Based on our hypothesis test, we reject the null hypothesis that the proportion of women who clip coupons is less than or equal to the proportion of men. Thus, there is sufficient statistical evidence at the \( \alpha = 0.01 \) significance level to support the claim that a higher percentage of women clip coupons than men.

Key concepts

Critical Value

In hypothesis testing, the critical value is a threshold that helps in determining whether to reject the null hypothesis. It is based on the chosen level of significance, denoted by \( \alpha \). For instance, in our example, the significance level is 0.01, which means we are 99% confident in our decision. We use the standard normal distribution table, or a calculator, to find the critical value corresponding to this significance level in a one-tailed test.

Since \( \alpha = 0.01 \), the critical value \( z_c \) is approximately 2.33.

• A critical value acts as a cutoff point.
• It determines the boundary for the acceptance or rejection region.

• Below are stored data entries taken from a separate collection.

lemma p_minus_eq_map_swap: "p_minus q pd pt = map_pmf (\<lambda>(y, y', x). (y', y, x)) (p_plus q pd pt)"
proof -
  have "map_pmf (\<lambda>(y, y', x). (y', y, x)) (p_plus q pd pt)
      = bind_pmf q (\<lambda>x. bind_pmf (pd x) (\<lambda>y. map_pmf (\<lambda>y'. (y', y, x)) (pt x)))"
    by (simp add: p_plus_def map_bind_pmf pmf.map_comp o_def)
  also have "\<dots> = p_minus q pd pt"
    unfolding p_minus_def map_pmf_def by (rule bind_pmf_cong[OF refl]) (rule bind_commute_pmf)
  finally show ?thesis ..
qed

lemma spin_loss_eq_nn_integral_p_plus:
  "spin_loss q pd pt f = (\<integral>\<^sup>+(y, y', x). logistic_loss (f x y - f x y') \<partial>p_plus q pd pt)"
  by (simp add: spin_loss_def p_plus_def)

lemma spin_loss_eq_nn_integral_p_minus:
  "spin_loss q pd pt f = (\<integral>\<^sup>+(y, y', x). logistic_loss (f x y' - f x y) \<partial>p_minus q pd pt)"
  by (simp add: spin_loss_eq_nn_integral_p_plus p_minus_eq_map_swap case_prod_beta)

lemma set_pmf_p_plus:
  assumes "\<And>x y. 0 < pmf (pd x) y" "\<And>x y. 0 < pmf (pt x) y"
  shows "set_pmf (p_plus q pd pt) = {(y, y', x). x \<in> set_pmf q}"
proof -
  have "pmf (pd x) y \<noteq> 0" "pmf (pt x) y \<noteq> 0" for x y
    using assms[of x y] by simp_all
  then show ?thesis
    by (auto simp: set_pmf_iff pmf_p_plus)
qed

lemma ln_pmf_p_plus_div_p_minus:
  assumes "\<And>x y. 0 < pmf (pd x) y" "\<And>x y. 0 < pmf (pt x) y" and "x \<in> set_pmf q"
  shows "ln (pmf (p_plus q pd pt) (y, y', x) / pmf (p_minus q pd pt) (y, y', x))
       = ln (pmf (pd x) y / pmf (pt x) y) - ln (pmf (pd x) y' / pmf (pt x) y')"
proof -
  define A where "A = pmf (pd x) y / pmf (pt x) y"
  define B where "B = pmf (pd x) y' / pmf (pt x) y'"
  have "0 < pmf q x"
    using assms(3) by (rule pmf_positive)
  then have "pmf (p_plus q pd pt) (y, y', x) / pmf (p_minus q pd pt) (y, y', x) = A / B"
    using assms(1,2)[of x] by (simp add: A_def B_def p_minus_eq_p_plus pmf_p_plus field_simps)
  moreover have "A \<noteq> 0" "B \<noteq> 0"
    using assms(1,2)[of x y] assms(1,2)[of x y'] by (simp_all add: A_def B_def)
  ultimately show ?thesis
    by (simp add: ln_div flip: A_def B_def)
qed

lemma ex_shift_iff_diffs_eq:
  fixes f r :: "'x \<Rightarrow> 'y \<Rightarrow> real"
  shows "(\<exists>Z. \<forall>x \<in> A. \<forall>y. f x y = Z x + r x y) \<longleftrightarrow> (\<forall>x \<in> A. \<forall>y y'. f x y - f x y' = r x y - r x y')"
proof
  assume diffs: "\<forall>x \<in> A. \<forall>y y'. f x y - f x y' = r x y - r x y'"
  show "\<exists>Z. \<forall>x \<in> A. \<forall>y. f x y = Z x + r x y"
  proof (intro exI ballI allI)
    fix x y
    assume "x \<in> A"
    with diffs have "f x y - f x undefined = r x y - r x undefined"
      by blast
    then show "f x y = (f x undefined - r x undefined) + r x y"
      by simp
  qed
qed auto

theorem lemmaC2:
  fixes q :: "'x pmf" and pd pt :: "'x \<Rightarrow> 'y pmf"
  assumes pd_pos: "\<And>x y. pmf (pd x) y > 0"
      and pt_pos: "\<And>x y. pmf (pt x) y > 0"
  shows "(\<forall>f. spin_loss q pd pt f \<ge> ennreal (ln 2 - JSD (p_plus q pd pt) (p_minus q pd pt)))
       \<and> (\<forall>f. spin_loss q pd pt f = ennreal (ln 2 - JSD (p_plus q pd pt) (p_minus q pd pt))
               \<longleftrightarrow> (\<exists>Z. \<forall>x \<in> set_pmf q. \<forall>y. f x y = Z x + ln (pmf (pd x) y / pmf (pt x) y)))"
proof (intro conjI allI)
  let ?P = "p_plus q pd pt" and ?Q = "p_minus q pd pt"
  fix f :: "'x \<Rightarrow> 'y \<Rightarrow> real"
  define g where "g = (\<lambda>(y, y', x). f x y - f x y')"
  have risk: "(\<integral>\<^sup>+z. logistic_loss (g z) \<partial>?P) + (\<integral>\<^sup>+z. logistic_loss (- g z) \<partial>?Q) = 2 * spin_loss q pd pt f"
    using spin_loss_eq_nn_integral_p_plus[of q pd pt f] spin_loss_eq_nn_integral_p_minus[of q pd pt f]
    by (simp add: g_def mult_2 case_prod_beta)
  have supp: "set_pmf ?P = set_pmf ?Q"
    unfolding p_minus_eq_p_plus using assms by (simp add: set_pmf_p_plus)
  show "ennreal (ln 2 - JSD ?P ?Q) \<le> spin_loss q pd pt f"
    using JSD_le_logistic_risk[of ?P ?Q g] by (simp add: risk ennreal_mult_le_mult_iff)
  have "spin_loss q pd pt f = ennreal (ln 2 - JSD ?P ?Q)
      \<longleftrightarrow> 2 * spin_loss q pd pt f = 2 * ennreal (ln 2 - JSD ?P ?Q)"
    by (simp add: ennreal_mult_cancel_left)
  also have "\<dots> \<longleftrightarrow> (\<forall>z \<in> set_pmf ?P. g z = ln (pmf ?P z / pmf ?Q z))"
    unfolding risk[symmetric] by (rule logistic_risk_eq_JSD_iff[OF supp])
  also have "\<dots> \<longleftrightarrow> (\<forall>x \<in> set_pmf q. \<forall>y y'.
      f x y - f x y' = ln (pmf (pd x) y / pmf (pt x) y) - ln (pmf (pd x) y' / pmf (pt x) y'))"
    using assms by (auto simp: set_pmf_p_plus g_def ln_pmf_p_plus_div_p_minus)
  also have "\<dots> \<longleftrightarrow> (\<exists>Z. \<forall>x \<in> set_pmf q. \<forall>y. f x y = Z x + ln (pmf (pd x) y / pmf (pt x) y))"
    by (rule ex_shift_iff_diffs_eq[symmetric])
  finally show "spin_loss q pd pt f = ennreal (ln 2 - JSD ?P ?Q)
      \<longleftrightarrow> (\<exists>Z. \<forall>x \<in> set_pmf q. \<forall>y. f x y = Z x + ln (pmf (pd x) y / pmf (pt x) y))" .
qed

end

By comparing the test statistic to the critical value, we can decide to reject or not reject the null hypothesis.

Test Statistic

The test statistic is a standardized value calculated from the sample data during a hypothesis test. It is used to determine how far the sample data diverges from the null hypothesis. In the case of hypothesis testing involving proportions, such as the proportion of coupon users in men and women, we use a formula involving sample proportions and a pooled proportion.

The test statistic \( z \) is calculated using the formula:

• \( \hat{p}_1 \) - Proportion of women clipping coupons.
• \( n_1 \) - Number of women.
• \( \hat{p}_2 \) - Proportion of men clipping coupons.
• \( n_2 \) - Number of men.

The formula looks like this:
\[ z = \frac{(\hat{p}_1 - \hat{p}_2)}{\sqrt{\hat{p}(1 - \hat{p}) \left( \frac{1}{n_1} + \frac{1}{n_2} \right)}} \] where \( \hat{p} \) is the pooled sample proportion.

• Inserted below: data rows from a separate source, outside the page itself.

lemma card_of_Fpow_le_infinite:
  assumes "infinite B" "|A| \<le>o |B|"
  shows "|Fpow A| \<le>o |B|"
proof -
  have "Fpow A \<subseteq> set ` lists A"
  proof
    fix F assume "F \<in> Fpow A"
    then obtain xs where "set xs = F" "F \<subseteq> A" using finite_list by (auto simp: Fpow_def)
    then show "F \<in> set ` lists A" by auto
  qed
  then have "|Fpow A| \<le>o |lists A|"
    by (meson card_of_image card_of_mono1 ordLeq_transitive)
  then show ?thesis using card_of_lists_le_infinite[OF assms] by (rule ordLeq_transitive)
qed

lemma card_of_finitary_closure:
  assumes B: "infinite B" and Y: "|Y| \<le>o |B|" and R: "\<And>F. finite F \<Longrightarrow> |R F| \<le>o |B|"
  shows "|finitary_closure R Y| \<le>o |B|"
proof -
  define stage where "stage n = ((\<lambda>Z. Z \<union> \<Union>(R ` Fpow Z)) ^^ n) Y" for n
  have stage_Suc: "stage (Suc n) = stage n \<union> \<Union>(R ` Fpow (stage n))" for n
    by (simp add: stage_def)
  have "stage m \<subseteq> stage n" if "m \<le> n" for m n
    by (rule lift_Suc_mono_le[OF _ that]) (auto simp: stage_Suc)
  then have stage_chain: "subset.chain UNIV (range stage)"
    unfolding subset_chain_def by (metis nle_le rangeE subset_UNIV)
  have "finitary_closure R Y \<subseteq> (\<Union>n. stage n)"
  proof
    fix x assume "x \<in> finitary_closure R Y"
    then show "x \<in> (\<Union>n. stage n)"
    proof induction
      case (base y)
      then have "y \<in> stage 0" by (simp add: stage_def)
      then show ?case by blast
    next
      case (step F x)
      then have "F \<subseteq> \<Union>(range stage)" by blast
      then obtain n where "F \<subseteq> stage n"
        using finite_subset_Union_chain[OF \<open>finite F\<close> _ _ stage_chain] by blast
      with step have "x \<in> stage (Suc n)" by (auto simp: stage_Suc Fpow_def)
      then show ?case by blast
    qed
  qed
  moreover have "|stage n| \<le>o |B|" for n
  proof (induction n)
    case 0
    then show ?case using Y by (simp add: stage_def)
  next
    case (Suc n)
    have "|\<Union>(R ` Fpow (stage n))| \<le>o |B|"
      using R by (intro card_of_UNION_ordLeq_infinite[OF B card_of_Fpow_le_infinite[OF B Suc]])
        (auto simp: Fpow_def)
    with Suc show ?case
      unfolding stage_Suc
      by (intro card_of_Un_ordLeq_infinite_Field[of "|B|", unfolded Field_card_of])
        (simp_all add: B card_of_card_order_on)
  qed
  then have "|\<Union>n. stage n| \<le>o |B|" by (rule card_of_UN_nat_le_infinite[OF B])
  ultimately show ?thesis by (meson card_of_mono1 ordLeq_transitive)
qed

section \<open>Colouring digraphs without H_right\<close>

lemma single_valued_obtain_graph:
  assumes "single_valued P"
  obtains c where "P = (\<lambda>x. (x, c x)) ` Domain P"
proof
  define c where "c x = (SOME y. (x, y) \<in> P)" for x
  have "(x, c x) \<in> P" if "x \<in> Domain P" for x
    using that unfolding c_def by (auto intro: someI)
  with assms show "P = (\<lambda>x. (x, c x)) ` Domain P"
    by (auto simp: image_iff dest: single_valuedD)
qed

lemma ofilter_subset_under:
  assumes "Well_order r" "ofilter r I" "a \<in> Field r" "a \<notin> I"
  shows "I \<subseteq> under r a"
proof
  fix s assume "s \<in> I"
  with assms(2,4) have "s \<in> Field r" "(a, s) \<notin> r"
    unfolding ofilter_def under_def by blast+
  moreover have "\<forall>x\<in>Field r. \<forall>y\<in>Field r. (x, y) \<in> r \<or> (y, x) \<in> r"
    using assms(1) by (simp add: wo_rel.TOTALS wo_rel_def)
  ultimately show "s \<in> under r a" using assms(3) unfolding under_def by blast
qed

In this example, the calculated \( z \) value is approximately 2.891, which will then be compared against the critical value to make a decision about the null hypothesis.

Null Hypothesis

The null hypothesis, denoted as \( H_0 \), is an assumption that there is no effect or no difference between the groups being compared. In other words, it's a statement of no change or no association. Hypothesis tests are designed to work against this assumption, with evidence either strong enough to reject \( H_0 \) or not.

For our specific example, the null hypothesis is \( p_1 \leq p_2 \), meaning the proportion of women who clip coupons is less than or equal to the proportion of men. This acts as a baseline assumption until we have enough evidence to suggest otherwise.

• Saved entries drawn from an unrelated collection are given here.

lemma norm_eigenvalue_le_of_pos_vec:
  fixes B :: "real mat" and x :: "real vec"
  assumes B: "B \<in> carrier_mat n n" and nonneg: "\<And>i j. i < n \<Longrightarrow> j < n \<Longrightarrow> 0 \<le> B $$ (i, j)"
    and x: "x \<in> carrier_vec n" and x_pos: "\<And>i. i < n \<Longrightarrow> 0 < x $ i"
    and bound: "\<And>i. i < n \<Longrightarrow> (B *\<^sub>v x) $ i \<le> \<rho> * x $ i"
    and ev: "eigenvalue (map_mat complex_of_real B) \<mu>"
  shows "norm \<mu> \<le> \<rho>"
proof -
  define C where "C = map_mat complex_of_real B"
  have C: "C \<in> carrier_mat n n"
    using B unfolding C_def by simp
  obtain y where y: "y \<in> carrier_vec n" "y \<noteq> 0\<^sub>v n" "C *\<^sub>v y = \<mu> \<cdot>\<^sub>v y"
    using ev C unfolding C_def[symmetric] eigenvalue_def eigenvector_def by auto
  define f where "f j = norm (y $ j) / x $ j" for j
  have "n \<noteq> 0"
    using y by auto
  then obtain k where k: "k < n" "Max (f ` {..<n}) = f k"
    using obtains_MAX[of "{..<n}" f] by auto
  have y_le: "norm (y $ j) \<le> f k * x $ j" if "j < n" for j
    using Max_ge[of "f ` {..<n}" "f j"] that x_pos[OF that] k unfolding f_def
    by (simp add: divide_le_eq)
  have f_nonneg: "0 \<le> f k"
    unfolding f_def using x_pos[OF k(1)] by simp
  have "\<mu> * y $ k = (C *\<^sub>v y) $ k"
    using y k by simp
  also have "\<dots> = (\<Sum>j<n. complex_of_real (B $$ (k, j)) * y $ j)"
    using mult_mat_vec_nth[OF C y(1) k(1)] B k unfolding C_def by simp
  finally have "norm \<mu> * norm (y $ k) = norm (\<Sum>j<n. complex_of_real (B $$ (k, j)) * y $ j)"
    by (simp flip: norm_mult)
  also have "\<dots> \<le> (\<Sum>j<n. B $$ (k, j) * (f k * x $ j))"
    using nonneg k y_le
    by (intro order.trans[OF norm_sum] sum_mono) (simp add: norm_mult mult_left_mono)
  also have "\<dots> = f k * (B *\<^sub>v x) $ k"
    unfolding mult_mat_vec_nth[OF B x k(1)] by (simp add: sum_distrib_left algebra_simps)
  also have "\<dots> \<le> \<rho> * (f k * x $ k)"
    using mult_left_mono[OF bound[OF k(1)] f_nonneg] by (metis mult.left_commute)
  also have "f k * x $ k = norm (y $ k)"
    unfolding f_def using x_pos[OF k(1)] by simp
  finally have "norm \<mu> * norm (y $ k) \<le> \<rho> * norm (y $ k)" .
  moreover have "y $ k \<noteq> 0"
  proof
    assume "y $ k = 0"
    then have "y $ j = 0" if "j < n" for j
      using y_le[OF that] x_pos[OF that] by (simp add: f_def)
    then show False
      using y by auto
  qed
  ultimately show ?thesis
    by simp
qed

lemma real_spectral_radius_eq_of_pos_eigenvector:
  fixes B :: "real mat" and x :: "real vec"
  assumes B: "B \<in> carrier_mat n n" and "0 < n"
    and nonneg: "\<And>i j. i < n \<Longrightarrow> j < n \<Longrightarrow> 0 \<le> B $$ (i, j)"
    and x: "x \<in> carrier_vec n" and x_pos: "\<And>i. i < n \<Longrightarrow> 0 < x $ i"
    and eigen: "B *\<^sub>v x = \<rho> \<cdot>\<^sub>v x"
  shows "real_spectral_radius B = \<rho>"
proof -
  define C where "C = map_mat complex_of_real B"
  have C: "C \<in> carrier_mat n n"
    using B unfolding C_def by simp
  have "\<rho> * x $ 0 = (\<Sum>j<n. B $$ (0, j) * x $ j)"
    using eigen B x \<open>0 < n\<close> by (metis index_smult_vec(1) carrier_vecD mult_mat_vec_nth)
  also have "\<dots> \<ge> 0"
    using nonneg x_pos \<open>0 < n\<close> by (intro sum_nonneg) (simp add: less_imp_le)
  finally have "0 \<le> \<rho>"
    using x_pos[OF \<open>0 < n\<close>] by (simp add: zero_le_mult_iff)
  have "eigenvector B x \<rho>"
    using B x eigen x_pos[OF \<open>0 < n\<close>] \<open>0 < n\<close> unfolding eigenvector_def by auto
  then have "eigenvalue C (complex_of_real \<rho>)"
    unfolding C_def using of_real_hom.eigenvalue_hom[OF B] eigenvalue_def by blast
  then have "\<rho> \<le> spectral_radius C"
    using spectral_radius_mem_max(2)[OF C \<open>0 < n\<close>] \<open>0 \<le> \<rho>\<close>
    unfolding spectrum_def by force
  moreover obtain \<mu> where "eigenvalue C \<mu>" "spectral_radius C = norm \<mu>"
    using spectral_radius_mem_max(1)[OF C \<open>0 < n\<close>] unfolding spectrum_def by auto
  moreover have "norm \<mu> \<le> \<rho>" if "eigenvalue C \<mu>" for \<mu>
    using norm_eigenvalue_le_of_pos_vec[OF B nonneg x x_pos _ that[unfolded C_def]] eigen x
    by simp
  ultimately show ?thesis
    unfolding real_spectral_radius_def C_def[symmetric] by fastforce
qed

lemma toep_mat_carrier: "toep_mat n u v w \<in> carrier_mat n n"
  by (simp add: toep_mat_def)

lemma toep_mat_convex_transpose:
  assumes "3 \<le> n"
  shows "(1 - t) \<cdot>\<^sub>m toep_mat n u v w + t \<cdot>\<^sub>m transpose_mat (toep_mat n u v w)
    = toep_mat n ((1 - t) * u + t * v) ((1 - t) * v + t * u) w"
  using assms by (intro eq_matI) (auto simp: toep_mat_def algebra_simps)

lemma toep_mat_nth:
  assumes "3 \<le> n" "i < n" "j < n"
  shows "toep_mat n a b w $$ (i, j) = (if j = i then w else 0) + (if j = i + 1 then a else 0)
    + (if i = 0 \<and> j = n - 1 then a else 0) + (if 1 \<le> i \<and> j = i - 1 then b else 0)
    + (if i = n - 1 \<and> j = 0 then b else 0)"
  using assms by (auto simp: toep_mat_def)

lemma toep_mat_mult_geometric_vec:
  assumes n: "3 \<le> n" and q: "q \<noteq> 0" and qn: "a * q ^ n = b"
  shows "toep_mat n a b w *\<^sub>v vec n (\<lambda>j. q ^ j) = (w + a * q + b / q) \<cdot>\<^sub>v vec n (\<lambda>j. q ^ j)"
proof (rule eq_vecI)
  fix i
  assume "i < dim_vec ((w + a * q + b / q) \<cdot>\<^sub>v vec n (\<lambda>j. q ^ j))"
  then have i: "i < n"
    by simp
  have "(toep_mat n a b w *\<^sub>v vec n (\<lambda>j. q ^ j)) $ i = (\<Sum>j<n. toep_mat n a b w $$ (i, j) * q ^ j)"
    using mult_mat_vec_nth[OF toep_mat_carrier _ i] by simp
  also have "\<dots> = w * q ^ i + (if i + 1 < n then a * q ^ (i + 1) else 0)
      + (if i = 0 then a * q ^ (n - 1) else 0) + (if 1 \<le> i then b * q ^ (i - 1) else 0)
      + (if i = n - 1 then b else 0)"
    using n i
    by (simp add: toep_mat_nth distrib_right sum.distrib if_distrib[of "\<lambda>z. z * _"] sum.delta'
        cong: if_cong)
  also have "\<dots> = (w + a * q + b / q) * q ^ i"
  proof -
    consider "i = 0" | "i = n - 1" | "0 < i \<and> i < n - 1"
      using i by linarith
    then show ?thesis
    proof cases
      case 1
      have "a * q ^ (n - 1) * q = b"
        using power_minus_mult[of n q] qn n by (simp add: mult.assoc)
      then show ?thesis
        using 1 n q by (simp add: field_simps)
    next
      case 2
      obtain k where "n = Suc (Suc (Suc k))"
        using n by (metis add.commute add_Suc_right le_Suc_ex numeral_3_eq_3 plus_nat.add_0)
      then show ?thesis
        using 2 q qn by (simp add: field_simps)
    next
      case 3
      then obtain k where "i = Suc k"
        using gr0_implies_Suc by blast
      then show ?thesis
        using 3 q by (simp add: field_simps)
    qed
  qed
  finally show "(toep_mat n a b w *\<^sub>v vec n (\<lambda>j. q ^ j)) $ i
      = ((w + a * q + b / q) \<cdot>\<^sub>v vec n (\<lambda>j. q ^ j)) $ i"
    using i by simp
qed (simp add: toep_mat_def)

• The null hypothesis is not necessarily what the researcher believes to be true.
• Often, it simply represents the status quo or a position of no difference.

Rejecting the null hypothesis implies that the data provides sufficient evidence to support the alternative hypothesis.

Alternative Hypothesis

The alternative hypothesis, represented by \( H_a \), is what you might consider the bold claim or research hypothesis. It suggests that there is indeed an effect or a difference from the null hypothesis. It's a statement that we aim to provide evidence for through our hypothesis test.

In our example, the alternative hypothesis is \( p_1 > p_2 \), which claims that the proportion of women who clip coupons is greater than the proportion of men. This is the hypothesis we seek to support with our evidence.

The process of hypothesis testing determines:

• If the evidence is significant enough to "reject" the null hypothesis.
• The significance level (\( \alpha \)) chosen determines our threshold for rejecting \( H_0 \).

A successful test outcome would show sufficient evidence leaning towards the alternative hypothesis, as demonstrated in our example when \( z = 2.891 \) exceeded the critical value 2.33, leading to a rejection of \( H_0 \).